Les entretiens menés de façon amicale se sont inspirés des tactiques verbales et comportementales qui favorisent la production de faux souvenirs. Certaines tactiques, telles que des étagères couvertes de livres traitant de la mémoire, étaient destinées à renforcer la crédibilité de l’intervieweur. D’autres visaient à renforcer les liens avec les participants, à les rassurer et à les encourager, comme un signe de tête approbateur, un sourire, une prise de notes, ou des attentions, telles que « Comment allez-vous ? », « Comment s’est passé votre semestre ? ». Les silences prolongés incitaient le sujet à les rompre. Des encouragements, tels que « On peut oublier ce genre de choses, mais on finit toujours par s’en souvenir », des demandes de confirmation de détails, telles que « Dans l’entretien, vos parents ont dit que… » ou « Cela ressemble à ce que vos parents ont décrit, mais… » ou encore « Je ne peux pas vous donner plus de détails, parce qu’ils doivent venir de vous », étaient destinés à renforcer la remémoration et à faciliter le récit.
Résultats surprenants
À l’issue des trois entretiens, 70 % des sujets ont fait le récit détaillé du faux souvenir induit par l’expérimentateur. Ils se sont « souvenus » d’avoir été les auteurs d’un crime qu’ils n’ont pourtant jamais commis ! Qui plus est, l’étude révèle que les faux souvenirs ainsi fabriqués peuvent être aussi vifs et recéler des détails tout aussi riches et émotionnels que s’il s’agissait de souvenirs vrais. Dans les récits d’agression avec arme, les faux coupables ont décrit leur entrevue avec les policiers et donné des détails précis sur leur apparence physique !

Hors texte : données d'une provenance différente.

(* Let $G^S$ be a cycle on $n\ge 3$ state nodes, and let the network $\mathcal G=G^S\cup G^I$ have exactly two external input nodes $u_1,u_2$, attached to distinct state nodes $v_1,v_2$. Then $\mathcal G$ is strongly structurally controllable if and only if $v_1$ and $v_2$ are adjacent in $G^S$.
   Context: Network model: a network $\mathcal G=G^S\cup G^I$ consists of an undirected simple state graph $G^S$ on state nodes $\{1,\dots,n\}$ and a set of $m$ external input nodes $u_1,\dots,u_m$, where each input node $u_r$ has exactly one directed edge, to a state node $v_r$, and the $v_r$ are pairwise distinct; the input matrix is $B=[e_{v_1},\dots,e_{v_m}]\in\mathbb R^{n\times m}$. The dynamics are $\dot x=Mx+Bu$, where $M$ ranges over the family $Q(G^S)$ of symmetric matrices with $M_{ij}=a_{ij}>0$ if $\{i,j\}$ is an edge of $G^S$, $M_{ij}=0$ if $i\ne j$ are non-adjacent, and $M_{ii}=-\sum_{j\in\mathcal N_i}a_{ij}+a_{ii}$ with an arbitrary self-loop weight $a_{ii}<0$ ($\mathcal N_i$ the neighbours of $i$ in $G^S$). The network is strongly structurally controllable (SSC) if for every $M\in Q(G^S)$ the controllability matrix $[B,MB,\dots,M^{n-1}B]$ has rank $n$. *)

theory Defs
  imports "Jordan_Normal_Form.DL_Rank"
begin

definition simple_graph :: "nat \<Rightarrow> (nat \<Rightarrow> nat \<Rightarrow> bool) \<Rightarrow> bool" where
  "simple_graph n E \<longleftrightarrow>
     (\<forall>i j. E i j \<longrightarrow> i < n \<and> j < n \<and> i \<noteq> j) \<and> (\<forall>i j. E i j \<longrightarrow> E j i)"

definition cycle_graph :: "nat \<Rightarrow> (nat \<Rightarrow> nat \<Rightarrow> bool) \<Rightarrow> bool" where
  "cycle_graph n E \<longleftrightarrow> simple_graph n E \<and>
     (\<forall>i<n. card {j. E i j} = 2) \<and> (\<forall>i<n. \<forall>j<n. E\<^sup>*\<^sup>* i j)"

definition qualified_matrix :: "nat \<Rightarrow> (nat \<Rightarrow> nat \<Rightarrow> bool) \<Rightarrow> real mat \<Rightarrow> bool" where
  "qualified_matrix n E M \<longleftrightarrow> M \<in> carrier_mat n n \<and>
     (\<forall>i<n. \<forall>j<n. M $$ (i, j) = M $$ (j, i)) \<and>
     (\<forall>i<n. \<forall>j<n. i \<noteq> j \<longrightarrow> (E i j \<longrightarrow> M $$ (i, j) > 0) \<and> (\<not> E i j \<longrightarrow> M $$ (i, j) = 0)) \<and>
     (\<forall>i<n. \<exists>a::real. a < 0 \<and> M $$ (i, i) = - (\<Sum>j\<in>{j. j < n \<and> E i j}. M $$ (i, j)) + a)"

definition input_matrix :: "nat \<Rightarrow> nat list \<Rightarrow> real mat" where
  "input_matrix n vs = mat n (length vs) (\<lambda>(i, r). if i = vs ! r then 1 else 0)"

text \<open>Controllability matrix [B, MB, ..., M^(n-1) B]; column k*m + r is column r of M^k B.\<close>
definition ctrb_matrix :: "nat \<Rightarrow> real mat \<Rightarrow> real mat \<Rightarrow> real mat" where
  "ctrb_matrix n M B = mat n (n * dim_col B)
     (\<lambda>(i, j). ((M ^\<^sub>m (j div dim_col B)) * B) $$ (i, j mod dim_col B))"

definition SSC :: "nat \<Rightarrow> (nat \<Rightarrow> nat \<Rightarrow> bool) \<Rightarrow> nat list \<Rightarrow> bool" where
  "SSC n E vs \<longleftrightarrow> (\<forall>M. qualified_matrix n E M \<longrightarrow>
      vec_space.rank n (ctrb_matrix n M (input_matrix n vs)) = n)"

end

theory Submission
  imports Defs
begin

text \<open>
  Since every admissible M is symmetric, the controllability matrix has full rank iff no nonzero
  y has all of y, M y, ..., M^(n-1) y vanishing at the input nodes.

  If v1 and v2 are adjacent, walk around the cycle starting with v2, v1. Reading the recurrence
  M^(k+1) y = M (M^k y) at a vertex of the walk, whose predecessor and itself are already known
  to vanish, leaves a single term with positive coefficient, so its successor vanishes as well;
  after n steps y = 0.

  If they are not adjacent, they split the cycle into two arcs with nonempty interiors. The vector
  that is 1 on one arc, -1 on the other and 0 at v1, v2 is an eigenvector of a suitable admissible
  matrix, since at each zero entry its two neighbours cancel; all its iterates then vanish at the
  inputs.
\<close>

lemma real_vec_eq_0_if_scalar_prod_self:
  fixes y :: "real vec"
  assumes "y \<in> carrier_vec n" and "y \<bullet> y = 0"
  shows "y = 0\<^sub>v n"
  using assms conjugate_square_eq_0_vec[of y n] by (simp add: scalar_prod_def conjugate_vec_def)

lemma rank_eq_dim_imp_orthogonal_eq_0:
  fixes A :: "real mat"
  assumes A: "A \<in> carrier_mat n nc" and rank: "vec_space.rank n A = n"
    and y: "y \<in> carrier_vec n" and orth: "\<forall>i<nc. col A i \<bullet> y = 0"
  shows "y = 0\<^sub>v n"
proof -
  interpret V: vec_space "TYPE(real)" n .
  have cols: "set (cols A) \<subseteq> carrier_vec n" using A cols_dim by blast
  obtain S where S: "maximal S (\<lambda>T. T \<subseteq> set (cols A) \<and> V.lin_indpt T)"
    using maximal_exists_superset[of "set (cols A)" "\<lambda>T. T \<subseteq> set (cols A) \<and> V.lin_indpt T" "{}"]
      V.finite_lin_indpt2 by auto
  have S_cols: "S \<subseteq> set (cols A)" and S_indpt: "V.lin_indpt S"
    using S unfolding maximal_def by auto
  have "V.basis S"
    using V.dim_li_is_basis[of S] S_cols S_indpt cols V.rank_card_indpt[OF A S] rank V.dim_is_n
    by (auto intro: finite_subset)
  then have "carrier_vec n = V.span S" unfolding V.basis_def by simp
  also have "\<dots> \<subseteq> V.span (set (cols A))" using S_cols by (rule V.span_is_monotone)
  finally have "y \<in> V.span (set (cols A))" using y by auto
  moreover have "y \<in> V.orthogonal_complement (V.span (set (cols A)))"
    using V.in_orthogonal_complement_span[OF cols] orth y A
    by (auto simp: V.orthogonal_complement_def in_set_conv_nth comm_scalar_prod[of _ n])
  ultimately have "y \<bullet> y = 0" unfolding V.orthogonal_complement_def by blast
  then show ?thesis by (rule real_vec_eq_0_if_scalar_prod_self[OF y])
qed

lemma orthogonal_eq_0_imp_rank_eq_dim:
  fixes A :: "real mat"
  assumes A: "A \<in> carrier_mat n nc"
    and orth: "\<And>y. y \<in> carrier_vec n \<Longrightarrow> \<forall>i<nc. col A i \<bullet> y = 0 \<Longrightarrow> y = 0\<^sub>v n"
  shows "vec_space.rank n A = n"
proof -
  interpret V: vec_space "TYPE(real)" n .
  define G where "G = A * transpose_mat A"
  have G: "G \<in> carrier_mat n n" using A by (simp add: G_def)
  have "det G \<noteq> 0"
  proof
    assume "det G = 0"
    then obtain v where v: "v \<in> carrier_vec n" "v \<noteq> 0\<^sub>v n" "G *\<^sub>v v = 0\<^sub>v n"
      using det_0_iff_vec_prod_zero_field[OF G] by auto
    define w where "w = transpose_mat A *\<^sub>v v"
    have w: "w \<in> carrier_vec nc" using A unfolding w_def carrier_vec_def by simp
    have "w \<bullet> w = v \<bullet> (A *\<^sub>v w)"
      using transpose_vec_mult_scalar[OF A w v(1)] by (simp add: w_def)
    also have "A *\<^sub>v w = G *\<^sub>v v" using A v by (simp add: G_def w_def)
    finally have "w = 0\<^sub>v nc" using v real_vec_eq_0_if_scalar_prod_self[OF w] by simp
    then have "\<forall>i<nc. col A i \<bullet> v = 0"
      using A by (metis w_def index_mult_mat_vec index_zero_vec(1) carrier_matD
        transpose_carrier_mat row_transpose)
    then show False using orth v by blast
  qed
  then obtain B where B: "B \<in> carrier_mat n n" "G * B = 1\<^sub>m n"
    using det_non_zero_imp_unit[OF G, of "()"] unfolding Units_def ring_mat_def by auto
  have cols: "set (cols A) \<subseteq> carrier_vec n" using A cols_dim by blast
  have "carrier_vec n \<subseteq> V.span (set (cols A))"
  proof
    fix x :: "real vec" assume x: "x \<in> carrier_vec n"
    define u where "u = transpose_mat A *\<^sub>v (B *\<^sub>v x)"
    have "x = (G * B) *\<^sub>v x" using B x by simp
    also have "\<dots> = G *\<^sub>v (B *\<^sub>v x)" by (rule assoc_mult_mat_vec[OF G B(1) x])
    also have "\<dots> = A *\<^sub>v u" unfolding G_def u_def using A B x by (subst assoc_mult_mat_vec) auto
    also have "\<dots> = V.lincomb_list (\<lambda>i. u $ i) (cols A)"
    proof -
      have "vec (length (cols A)) (\<lambda>i. u $ i) = u" using A by (auto simp: u_def)
      then show ?thesis
        using V.lincomb_list_as_mat_mult[of "cols A" "\<lambda>i. u $ i"] cols A mat_of_cols_cols[of A]
        by (auto simp: subset_iff)
    qed
    finally show "x \<in> V.span (set (cols A))"
      using V.in_span_listI V.span_list_as_span[OF cols] by metis
  qed
  then have "V.span (set (cols A)) = carrier_vec n" using V.span_closed[OF cols] by auto
  then show ?thesis unfolding V.rank_def using V.dim_is_n by (simp add: module_vec_def)
qed

lemma rank_eq_dim_iff_orthogonal_eq_0:
  fixes A :: "real mat"
  assumes "A \<in> carrier_mat n nc"
  shows "vec_space.rank n A = n \<longleftrightarrow>
    (\<forall>y\<in>carrier_vec n. (\<forall>i<nc. col A i \<bullet> y = 0) \<longrightarrow> y = 0\<^sub>v n)"
  using assms rank_eq_dim_imp_orthogonal_eq_0 orthogonal_eq_0_imp_rank_eq_dim by blast

lemma pow_mat_Suc_left:
  fixes A :: "'a :: comm_ring_1 mat"
  assumes "A \<in> carrier_mat n n"
  shows "A ^\<^sub>m Suc k = A * A ^\<^sub>m k"
proof (induction k)
  case 0 then show ?case using assms by simp
next
  case (Suc k)
  have "A ^\<^sub>m Suc (Suc k) = (A * A ^\<^sub>m k) * A" using Suc by simp
  also have "\<dots> = A * A ^\<^sub>m Suc k" using assms by (simp add: assoc_mult_mat[of _ n n _ n _ n])
  finally show ?case .
qed

lemma transpose_pow_mat_symmetric:
  fixes A :: "'a :: comm_ring_1 mat"
  assumes "A \<in> carrier_mat n n" and "transpose_mat A = A"
  shows "transpose_mat (A ^\<^sub>m k) = A ^\<^sub>m k"
proof (induction k)
  case 0 then show ?case using assms by simp
next
  case (Suc k)
  then show ?case
    using assms transpose_mult[of "A ^\<^sub>m k" n n A n] pow_mat_Suc_left[OF assms(1)] by simp
qed

lemma pow_mat_Suc_mult_vec:
  fixes A :: "'a :: comm_ring_1 mat"
  assumes "A \<in> carrier_mat n n" and "y \<in> carrier_vec n"
  shows "A ^\<^sub>m Suc k *\<^sub>v y = A *\<^sub>v (A ^\<^sub>m k *\<^sub>v y)"
  unfolding pow_mat_Suc_left[OF assms(1)] using assms by (simp add: assoc_mult_mat_vec[of _ n n _ n])

lemma pow_mat_mult_eigenvector:
  fixes A :: "'a :: field mat"
  assumes A: "A \<in> carrier_mat n n" and x: "x \<in> carrier_vec n" and eig: "A *\<^sub>v x = c \<cdot>\<^sub>v x"
  shows "A ^\<^sub>m k *\<^sub>v x = c ^ k \<cdot>\<^sub>v x"
proof (induction k)
  case 0 then show ?case using A x by simp
next
  case (Suc k)
  have "A ^\<^sub>m Suc k *\<^sub>v x = A ^\<^sub>m k *\<^sub>v (c \<cdot>\<^sub>v x)"
    using A x eig by (simp add: assoc_mult_mat_vec[of _ n n _ n])
  also have "\<dots> = c ^ Suc k \<cdot>\<^sub>v x"
    using mult_mat_vec[of "A ^\<^sub>m k" n n x c] A x Suc by (simp add: smult_smult_assoc)
  finally show ?case .
qed

lemma mult_input_matrix_index:
  fixes A :: "real mat"
  assumes "A \<in> carrier_mat n n" and "i < n" and "r < length vs" and "vs ! r < n"
  shows "(A * input_matrix n vs) $$ (i, r) = A $$ (i, vs ! r)"
proof -
  have "(A * input_matrix n vs) $$ (i, r) = (\<Sum>l\<in>{0..<n}. A $$ (i, l) * (if l = vs ! r then 1 else 0))"
    using assms unfolding input_matrix_def by (simp add: scalar_prod_def)
  also have "\<dots> = (\<Sum>l\<in>{0..<n}. if l = vs ! r then A $$ (i, l) else 0)"
    by (intro sum.cong) auto
  also have "\<dots> = A $$ (i, vs ! r)" using assms(4) by simp
  finally show ?thesis .
qed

À l’issue de l’expérience, les chercheurs ont expliqué aux sujets que l’objectif était de vérifier s’il était facile d’induire des faux souvenirs de crimes et que l’un des deux souvenirs rapportés était un faux souvenir inventé pour les besoins de l’expérience. Les sujets ont manifesté leur incrédulité d’avoir pu être aussi facilement dupés.
Ces résultats confirment ainsi les travaux de chercheurs sur les faux souvenirs induits, tels que ceux d’Elizabeth Loftus [3].
L’étude de Julia Shaw et Stephen Porter est la première à démontrer de manière expérimentale la facilité avec laquelle des techniques suggestives d’interrogatoire peuvent provoquer chez une personne la formation de faux souvenirs d’actes criminels et induire leur aveu.
Références
[2] APS (Association for Psychological Science) “People Can Be Convinced They Committed a Crime That Never Happened”. Janvier 2015.